(* For all integers $1\le l\le k$, the Fox function satisfies $\phi(2l,2k)=-\binom{k}{l}$.
   Context: For integers $0\le l\le k$, the Fox function is $\phi(l,k)=\sum_{\mathbf a}(-1)^{w(\mathbf a)+(l-1)}$, where the sum runs over all $l$-element subsets $\mathbf a\subseteq\{1,\dots,k\}$, $\mathbf b=\{1,\dots,k\}\setminus\mathbf a$, and $w(\mathbf a)$ is the number of pairs $(i,j)$ with $i\in\mathbf a$, $j\in\mathbf b$ and $j<i$. *)

theory Defs
  imports Main
begin

definition fox_w :: "nat \<Rightarrow> nat set \<Rightarrow> nat" where
  "fox_w k a = card {(i, j). i \<in> a \<and> j \<in> {1..k} - a \<and> j < i}"

text \<open>Fox function phi(l,k) = sum over l-subsets a of {1..k} of (-1)^(w(a)+(l-1)).
  The sign (-1)^(l-1) is written as (-1)^(l+1), which agrees with it for all integers l
  (including l = 0).\<close>
definition fox_phi :: "nat \<Rightarrow> nat \<Rightarrow> int" where
  "fox_phi l k = (\<Sum>a\<in>{a. a \<subseteq> {1..k} \<and> card a = l}. (-1) ^ (fox_w k a + (l + 1)))"

end

theory Submission
  imports Defs
begin

text \<open>
  The signed count \<open>\<Sum>\<^sub>a (-1)^w(a)\<close> over the \<open>l\<close>-subsets \<open>a\<close> of \<open>{1..k}\<close> is the Gaussian
  binomial coefficient at \<open>q = -1\<close>. Splitting the subsets according to whether they contain
  \<open>k + 1\<close> gives the q-Pascal recurrence
  \<open>g(l+1, k+1) = g(l+1, k) + (-1)^(k-l) g(l, k)\<close>, since adding the top element creates
  exactly \<open>k - l\<close> new inversions. The closed form \<open>\<lfloor>k/2\<rfloor> choose \<lfloor>l/2\<rfloor>\<close> (replaced by \<open>0\<close>
  when \<open>l\<close> is odd and \<open>k\<close> even) satisfies the same recurrence and initial values, so
  \<open>g(2l, 2k) = k choose l\<close>, and \<open>\<phi>(2l, 2k) = -g(2l, 2k)\<close>.
\<close>

definition card_subsets :: "nat \<Rightarrow> nat \<Rightarrow> nat set set" where
  "card_subsets l k = {a. a \<subseteq> {1..k} \<and> card a = l}"

definition fox_sign_sum :: "nat \<Rightarrow> nat \<Rightarrow> int" where
  "fox_sign_sum l k = (\<Sum>a\<in>card_subsets l k. (-1) ^ fox_w k a)"

definition gauss_binomial_neg_one :: "nat \<Rightarrow> nat \<Rightarrow> int" where
  "gauss_binomial_neg_one l k =
     (if odd l \<and> even k then 0 else int ((k div 2) choose (l div 2)))"

lemma finite_card_subsets: "finite (card_subsets l k)"
  unfolding card_subsets_def by (rule finite_subset[of _ "Pow {1..k}"]) auto

lemma card_subsets_0: "card_subsets 0 k = {{}}"
  unfolding card_subsets_def using finite_subset[of _ "{1..k}"] by auto

lemma card_subsets_Suc_0: "card_subsets (Suc l) 0 = {}"
  unfolding card_subsets_def by auto

lemma card_subsets_Suc_Suc:
  "card_subsets (Suc l) (Suc k) = card_subsets (Suc l) k \<union> insert (Suc k) ` card_subsets l k"
proof
  show "card_subsets (Suc l) (Suc k) \<subseteq> card_subsets (Suc l) k \<union> insert (Suc k) ` card_subsets l k"
  proof
    fix a assume "a \<in> card_subsets (Suc l) (Suc k)"
    hence sub: "a \<subseteq> {1..Suc k}" and card: "card a = Suc l" unfolding card_subsets_def by auto
    have "finite a" using sub finite_subset by blast
    show "a \<in> card_subsets (Suc l) k \<union> insert (Suc k) ` card_subsets l k"
    proof (cases "Suc k \<in> a")
      case True
      hence "a - {Suc k} \<in> card_subsets l k" and "a = insert (Suc k) (a - {Suc k})"
        using sub card \<open>finite a\<close> by (auto simp: card_subsets_def)
      thus ?thesis by blast
    next
      case False
      hence "a \<subseteq> {1..k}" using sub by (auto simp: le_Suc_eq)
      thus ?thesis using card unfolding card_subsets_def by auto
    qed
  qed
next
  have "insert (Suc k) b \<in> card_subsets (Suc l) (Suc k)" if "b \<in> card_subsets l k" for b
  proof -
    have "b \<subseteq> {1..k}" "card b = l" using that unfolding card_subsets_def by auto
    moreover have "finite b" "Suc k \<notin> b" using \<open>b \<subseteq> {1..k}\<close> finite_subset by auto
    ultimately show ?thesis unfolding card_subsets_def by auto
  qed
  thus "card_subsets (Suc l) k \<union> insert (Suc k) ` card_subsets l k \<subseteq> card_subsets (Suc l) (Suc k)"
    by (auto simp: card_subsets_def)
qed

lemma fox_w_Suc:
  assumes "a \<subseteq> {1..k}"
  shows "fox_w (Suc k) a = fox_w k a"
proof -
  have "{(i, j). i \<in> a \<and> j \<in> {1..Suc k} - a \<and> j < i} = {(i, j). i \<in> a \<and> j \<in> {1..k} - a \<and> j < i}"
    using assms by auto
  thus ?thesis unfolding fox_w_def by simp
qed

lemma fox_w_Suc_insert:
  assumes "a \<subseteq> {1..k}"
  shows "fox_w (Suc k) (insert (Suc k) a) = fox_w k a + (k - card a)"
proof -
  let ?old = "{(i, j). i \<in> a \<and> j \<in> {1..k} - a \<and> j < i}"
  let ?new = "{Suc k} \<times> ({1..k} - a)"
  have "finite a" using assms finite_subset by blast
  have "{(i, j). i \<in> insert (Suc k) a \<and> j \<in> {1..Suc k} - insert (Suc k) a \<and> j < i} = ?old \<union> ?new"
    using assms by auto
  moreover have "finite ?old"
    by (rule finite_subset[of _ "a \<times> {1..k}"]) (auto simp: \<open>finite a\<close>)
  moreover have "?old \<inter> ?new = {}" using assms by auto
  moreover have "card ?new = k - card a"
    using card_Diff_subset[OF \<open>finite a\<close> assms] by (simp add: card_cartesian_product)
  ultimately show ?thesis unfolding fox_w_def by (simp add: card_Un_disjoint)
qed

lemma fox_sign_sum_0: "fox_sign_sum 0 k = 1"
  by (simp add: fox_sign_sum_def card_subsets_0 fox_w_def)

lemma fox_sign_sum_Suc_0: "fox_sign_sum (Suc l) 0 = 0"
  by (simp add: fox_sign_sum_def card_subsets_Suc_0)

lemma fox_sign_sum_Suc_Suc:
  "fox_sign_sum (Suc l) (Suc k) = fox_sign_sum (Suc l) k + (-1) ^ (k - l) * fox_sign_sum l k"
proof -
  have disjoint: "card_subsets (Suc l) k \<inter> insert (Suc k) ` card_subsets l k = {}"
    unfolding card_subsets_def by auto
  have "inj_on (insert (Suc k)) (card_subsets l k)"
    unfolding card_subsets_def inj_on_def by (metis Diff_insert_absorb atLeastAtMost_iff
        not_less_eq_eq order_refl subsetD mem_Collect_eq)
  hence "(\<Sum>a\<in>insert (Suc k) ` card_subsets l k. (-1::int) ^ fox_w (Suc k) a)
         = (\<Sum>a\<in>card_subsets l k. (-1) ^ fox_w (Suc k) (insert (Suc k) a))"
    by (simp add: sum.reindex)
  also have "\<dots> = (\<Sum>a\<in>card_subsets l k. (-1) ^ (k - l) * (-1) ^ fox_w k a)"
    by (rule sum.cong) (auto simp: card_subsets_def fox_w_Suc_insert power_add)
  finally have new: "(\<Sum>a\<in>insert (Suc k) ` card_subsets l k. (-1::int) ^ fox_w (Suc k) a)
                     = (-1) ^ (k - l) * fox_sign_sum l k"
    by (simp add: fox_sign_sum_def sum_distrib_left)
  have old: "(\<Sum>a\<in>card_subsets (Suc l) k. (-1::int) ^ fox_w (Suc k) a) = fox_sign_sum (Suc l) k"
    unfolding fox_sign_sum_def by (rule sum.cong) (auto simp: card_subsets_def fox_w_Suc)
  have "fox_sign_sum (Suc l) (Suc k)
        = (\<Sum>a\<in>card_subsets (Suc l) k. (-1) ^ fox_w (Suc k) a)
          + (\<Sum>a\<in>insert (Suc k) ` card_subsets l k. (-1) ^ fox_w (Suc k) a)"
    unfolding fox_sign_sum_def card_subsets_Suc_Suc
    by (rule sum.union_disjoint) (simp_all add: finite_card_subsets disjoint)
  thus ?thesis by (simp only: old new)
qed

lemma gauss_binomial_neg_one_eq_0: "k < l \<Longrightarrow> gauss_binomial_neg_one l k = 0"
  unfolding gauss_binomial_neg_one_def by auto presburger

lemma gauss_binomial_neg_one_Suc_Suc:
  "gauss_binomial_neg_one (Suc l) (Suc k)
     = gauss_binomial_neg_one (Suc l) k + (-1) ^ (k - l) * gauss_binomial_neg_one l k"
proof (cases "k < l")
  case True
  thus ?thesis by (simp add: gauss_binomial_neg_one_eq_0)
next
  case False
  obtain p where "k = 2 * p \<or> k = 2 * p + 1" by (metis oddE evenE)
  moreover obtain q where "l = 2 * q \<or> l = 2 * q + 1" by (metis oddE evenE)
  ultimately consider
      "k = 2 * p" "l = 2 * q" | "k = 2 * p" "l = 2 * q + 1"
    | "k = 2 * p + 1" "l = 2 * q" | "k = 2 * p + 1" "l = 2 * q + 1"
    by blast
  thus ?thesis
  proof cases
    case 1
    hence "even (k - l)" using False by presburger
    with 1 show ?thesis by (simp add: gauss_binomial_neg_one_def)
  next
    case 2
    hence "odd (k - l)" using False by presburger
    with 2 show ?thesis by (simp add: gauss_binomial_neg_one_def)
  next
    case 3
    hence "odd (k - l)" using False by presburger
    with 3 show ?thesis by (simp add: gauss_binomial_neg_one_def)
  next
    case 4
    hence "even (k - l)" using False by presburger
    with 4 show ?thesis by (simp add: gauss_binomial_neg_one_def)
  qed
qed

lemma fox_sign_sum_eq_gauss_binomial_neg_one:
  "fox_sign_sum l k = gauss_binomial_neg_one l k"
proof (induction k arbitrary: l)
  case 0
  thus ?case
    by (cases l) (simp_all add: fox_sign_sum_0 fox_sign_sum_Suc_0 gauss_binomial_neg_one_def)
next
  case (Suc k)
  show ?case
  proof (cases l)
    case 0
    thus ?thesis by (simp add: fox_sign_sum_0 gauss_binomial_neg_one_def)
  next
    case (Suc l')
    thus ?thesis
      by (simp only: fox_sign_sum_Suc_Suc gauss_binomial_neg_one_Suc_Suc Suc.IH)
  qed
qed

lemma fox_phi_eq_fox_sign_sum: "fox_phi l k = (-1) ^ (l + 1) * fox_sign_sum l k"
  unfolding fox_phi_def fox_sign_sum_def card_subsets_def
  by (simp add: power_add sum_distrib_left mult.commute)

theorem proposition2p5:
  fixes l k :: nat
  assumes "1 \<le> l" and "l \<le> k"
  shows "fox_phi (2 * l) (2 * k) = - int (k choose l)"
  by (simp add: fox_phi_eq_fox_sign_sum fox_sign_sum_eq_gauss_binomial_neg_one
      gauss_binomial_neg_one_def)

end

EXERCISE GOAL: The reply is a bare number: how many lines above include "rule".

SOLUTION TO THE PROBLEM: 5